Скандал означает хотя бы одно – вас услышали. Вы очень талантливый аналитик, Брайан. И да поможет вам Творец во всех ваших начинаниях. К слову сказать, я преподаю на кафедре востоковедения в одном из наших университетов. И почту за честь видеть вас среди своих студентов. Диплом у вас, конечно же, отличный?
– Кроме разговорного арабского.
– Не беда. Думаю, вы уже серьёзно поработали над этим. Возьмите.
Зоар достал паркер и написал на одном из листов блокнота имя и название университета. Доктор Зоар Альхадиф. Иерусалимский Еврейский университет. Ниже он указал два телефонных номера и адрес электронной почты.
– Я совсем заболтал вас – вы, наверное, умираете от голода. – Зоар жестом пригласил всех за стол. – Прошу, господа. Нам предстоит вкусить чудесные израильские блюда.
В номер я вернулся после полуночи. Состояние у меня было в высшей степени странное. С одной стороны, я не чувствовал под собой ног и падал от усталости. С другой – меня переполняло ощущение спокойствия и счастья. Прогулка по ночному городу оставила столько впечатлений, что впитать их до конца не представлялось возможным. Я никогда не понимал, за что так люблю эти улицы, почему постоянно испытываю желание научиться дышаь их таинственным воздухом, на секунду стать камнем мостовой, чтобы почувствовать непостижимую целостность, совершенство этого города. Города, который никогда не меняется и всегда остаётся прежним.

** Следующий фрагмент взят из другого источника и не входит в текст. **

(* Let $\mathbb{C}$ be a locally small category and $\mathbb{C}_{\mathit{fin}}$ a full subcategory satisfying (C1)–(C5) below. Let $U:\mathbb{C}^*\to\mathbb{C}$ be a reasonable expansion with unique restrictions, let $F$ be a homogeneous locally finite object of $\mathbb{C}$ and let $G=\mathrm{Aut}(F)$. Then for all $\mathcal{F},\mathcal{F}'\in U^{-1}(F)$ we have $\mathcal{F}'\in\overline{\mathcal{F}^G}$ (closure in the topology $\sigma_F$) if and only if $\mathrm{Age}(\mathcal{F}')\subseteq\mathrm{Age}(\mathcal{F})$.
   Context: Write $A\to B$ if $\hom(A,B)\ne\varnothing$. Conditions: (C1) all morphisms of $\mathbb{C}$ are monomorphisms; (C2) $\mathrm{Ob}(\mathbb{C}_{\mathit{fin}})$ is a set; (C3) $\hom(A,B)$ is finite for $A,B\in\mathrm{Ob}(\mathbb{C}_{\mathit{fin}})$; (C4) for every $F\in\mathrm{Ob}(\mathbb{C})$ there is $A\in\mathrm{Ob}(\mathbb{C}_{\mathit{fin}})$ with $A\to F$; (C5) for every $B\in\mathrm{Ob}(\mathbb{C}_{\mathit{fin}})$ the set $\{A\in\mathrm{Ob}(\mathbb{C}_{\mathit{fin}}):A\to B\}$ is finite. $F$ is homogeneous if for all $A\in\mathrm{Ob}(\mathbb{C}_{\mathit{fin}})$ and $e_1,e_2\in\hom(A,F)$ there is $g\in\mathrm{Aut}(F)$ with $g\cdot e_1=e_2$. $F$ is locally finite if for all $A,B\in\mathrm{Ob}(\mathbb{C}_{\mathit{fin}})$, $e\in\hom(A,F)$, $f\in\hom(B,F)$ there exist $D\in\mathrm{Ob}(\mathbb{C}_{\mathit{fin}})$, $r\in\hom(D,F)$, $p\in\hom(A,D)$, $q\in\hom(B,D)$ with $r\cdot p=e$, $r\cdot q=f$, such that for every $H\in\mathrm{Ob}(\mathbb{C})$, $r'\in\hom(H,F)$, $p'\in\hom(A,H)$, $q'\in\hom(B,H)$ with $r'\cdot p'=e$, $r'\cdot q'=f$ there is $s\in\hom(D,H)$ with $r'\cdot s=r$, $s\cdot p=p'$, $s\cdot q=q'$. An expansion of $\mathbb{C}$ is a locally small category $\mathbb{C}^*$ with a functor $U:\mathbb{C}^*\to\mathbb{C}$ surjective on objects and injective on hom-sets; we regard $\hom_{\mathbb{C}^*}(\mathcal{A},\mathcal{B})\subseteq\hom_{\mathbb{C}}(U\mathcal{A},U\mathcal{B})$, and $U^{-1}(A)=\{\mathcal{A}:U(\mathcal{A})=A\}$. $U$ is reasonable if for every $e\in\hom(A,B)$ and $\mathcal{A}\in U^{-1}(A)$ there is $\mathcal{B}\in U^{-1}(B)$ with $e\in\hom(\mathcal{A},\mathcal{B})$; it has unique restrictions if for every $\mathcal{B}$ and $e\in\hom(A,U(\mathcal{B}))$ there is exactly one $\mathcal{A}\in U^{-1}(A)$ with $e\in\hom(\mathcal{A},\mathcal{B})$. $\mathbb{C}^*_{\mathit{fin}}$ is the full subcategory of $\mathbb{C}^*$ on $\bigcup\{U^{-1}(A):A\in\mathrm{Ob}(\mathbb{C}_{\mathit{fin}})\}$, and for $\mathcal{F}\in\mathrm{Ob}(\mathbb{C}^* )$, $\mathrm{Age}(\mathcal{F})=\{\mathcal{A}\in\mathrm{Ob}(\mathbb{C}^*_{\mathit{fin}}):\mathcal{A}\to\mathcal{F}\}$. For $g\in G$ and $\mathcal{F}\in U^{-1}(F)$, $\mathcal{F}^g$ is the unique $\mathcal{F}'\in U^{-1}(F)$ with $g^{-1}\in\hom(\mathcal{F},\mathcal{F}')$, and $\mathcal{F}^G=\{\mathcal{F}^g:g\in G\}$. $\sigma_F$ is the topology on $U^{-1}(F)$ generated by the sets $N(e,\mathcal{A})=\{\mathcal{F}\in U^{-1}(F):e\in\hom(\mathcal{A},\mathcal{F})\}$ for $\mathcal{A}\in\mathrm{Ob}(\mathbb{C}^*_{\mathit{fin}})$ and $e\in\hom(U(\mathcal{A}),F)$. *)

theory Defs
  imports "HOL-Analysis.Analysis"
begin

Темнота дышала прохладой. Я оставил открытым окно, переоделся и, устроившись под одеялом, начал переносить снимки из фотоаппарата в компьютер.
Когда работа была закончена, и в компьютере появилась папка "Иерусалим", полная чудесных изображений, тех самых, которые имеют целостность бесконечного мгновения, я открыл новый документ и, подумав пару секунд, стал описывать события сегодняшнего дня.
Мысль завести дневник появилась у меня тогда, когда я оставил родительский дом.
В голове моей тогда был беспорядок, я тонул в противоречивых чувствах и не имел понятия, как разобраться во всём этом. Но меня закружили дела. Деньги, еда, квартира. Позже – поступление в университет, учёба. Я относился к тем людям, которые во что бы то ни стало должны быть лучшими во всём, и поэтому использовал любую свободную минуту для того, чтобы открыть книги.
Первоначально дневник являл собой путевые заметки и очерки-наброски, как их называл Джо. Потом он превратился в действительно личную вещь, которой я много чего доверят. Теперь он делился на две части – профессиональную и личную, где я записывал свои мысли, и вёл её исключительно для себя.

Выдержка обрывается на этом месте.